From: Nicholas Heung on
Hi,

Using perl, I'm able to detect if a regex matches by doing an if statement - is this possible in MatLab, or would I just need to check if the results are empty?

Thanks
From: Walter Roberson on
Nicholas Heung wrote:

> Using perl, I'm able to detect if a regex matches by doing an if
> statement - is this possible in MatLab, or would I just need to check if
> the results are empty?

It depends which options you gave to regex about what it should return.

An "if" statement will succeed if all of the values are non-zero. For
example,

if [3 5 9]; disp('this will be displayed'); end
if [3 0 9]; disp('this will not be displayed'); end
if []; disp('this will not be displayed either'); end
if {}; disp('sorry this is invalid'); end

Thus if you set regex to return the vector of start indices, you could
code as

if regex(String,Pattern,'start')

and that would succeed if something matches.
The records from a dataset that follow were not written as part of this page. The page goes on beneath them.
lemma not_cops_win_stationary_robber:
  assumes "v \<in> V" and "\<And>cs. ok cs v" and "\<And>cs. rm cs v v"
    and "\<And>cs. length cs = k \<Longrightarrow> \<not> cap cs v"
  shows "\<not> cops_win V P cm rm cap ok k"
  by (rule not_cops_win_by_robber_invariant[where Inv = "\<lambda>cs r t. r = v \<and> length cs = k"])
    (use assms in \<open>auto dest: list_all2_lengthD\<close>)

lemma cops_win_in_one_move:
  assumes "length cs = k" and "set cs \<subseteq> P"
    and "\<And>r. r \<in> V \<Longrightarrow> ok cs r \<Longrightarrow>
           \<exists>cs'. list_all2 (\<lambda>p q. p = q \<or> cm p q) cs cs' \<and> cap cs' r"
  shows "cops_win V P cm rm cap ok k"
  unfolding cops_win_def using assms by (blast intro: cwin.cop_turn cwin.captured)

lemma not_cops_win_vertex_capture_below_degree:
  assumes "v \<in> V" and "k < card (neighbors V E v)" and "\<And>cs. rm cs v v"
  shows "\<not> cops_win V P cm rm (\<lambda>cs r. neighbors V E r \<subseteq> set cs) (\<lambda>cs r. True) k"
proof (rule not_cops_win_stationary_robber[where v = v])
  fix cs :: "'a list"
  assume "length cs = k"
  then show "\<not> neighbors V E v \<subseteq> set cs"
    using assms(2) card_mono[of "set cs" "neighbors V E v"] card_length[of cs] by auto
qed (use assms in simp_all)

lemma not_cops_win_edge_capture_below_degree:
  assumes "v \<in> V" and "k < card (neighbors V E v)" and "\<And>cs. rm cs v v"
  shows "\<not> cops_win V P cm rm (\<lambda>cs r. \<forall>u \<in> neighbors V E r. {r, u} \<in> set cs)
      (\<lambda>cs r. True) k"
proof (rule not_cops_win_stationary_robber[where v = v])
  fix cs :: "'a set list"
  assume "length cs = k"
  show "\<not> (\<forall>u \<in> neighbors V E v. {v, u} \<in> set cs)"
  proof
    assume "\<forall>u \<in> neighbors V E v. {v, u} \<in> set cs"
    then have "(\<lambda>u. {v, u}) ` neighbors V E v \<subseteq> set cs" by blast
    moreover have "inj_on (\<lambda>u. {v, u}) (neighbors V E v)"
      by (auto simp: inj_on_def doubleton_eq_iff)
    ultimately have "card (neighbors V E v) \<le> card (set cs)"
      by (metis card_image card_mono finite_set)
    with card_length[of cs] \<open>length cs = k\<close> assms(2) show False by simp
  qed
qed (use assms in simp_all)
On the other hand, it is much clearer programming to explicitly indicate
that you are testing a vector instead of the usual scalar

if all(regex(String,Pattern,'start'))

and in this particular case that would be equivalent to

if ~isempty(regex(String,Pattern,'start'))

Thus although you do not _need_ to test with isempty(), it is much more
readable if you do.


Note though that in perl, the match operator has side effects, setting
$1 and so on. Matlab's regexp does not have those side effects, so the
typical perl writing style becomes less common in Matlab.
From: Nicholas on
Thanks, that was very helpful.

Walter Roberson <roberson(a)hushmail.com> wrote in message <9Jh2o.47010$Ls1.30212(a)newsfe11.iad>...
> Nicholas Heung wrote:
>
> > Using perl, I'm able to detect if a regex matches by doing an if
> > statement - is this possible in MatLab, or would I just need to check if
> > the results are empty?
>
> It depends which options you gave to regex about what it should return.
>
> An "if" statement will succeed if all of the values are non-zero. For
> example,
>
> if [3 5 9]; disp('this will be displayed'); end
> if [3 0 9]; disp('this will not be displayed'); end
> if []; disp('this will not be displayed either'); end
> if {}; disp('sorry this is invalid'); end
>
> Thus if you set regex to return the vector of start indices, you could
> code as
>
> if regex(String,Pattern,'start')
>
> and that would succeed if something matches.
>
>
> On the other hand, it is much clearer programming to explicitly indicate
> that you are testing a vector instead of the usual scalar
>
> if all(regex(String,Pattern,'start'))
>
> and in this particular case that would be equivalent to
>
> if ~isempty(regex(String,Pattern,'start'))
>
> Thus although you do not _need_ to test with isempty(), it is much more
> readable if you do.
>
>
> Note though that in perl, the match operator has side effects, setting
> $1 and so on. Matlab's regexp does not have those side effects, so the
> typical perl writing style becomes less common in Matlab.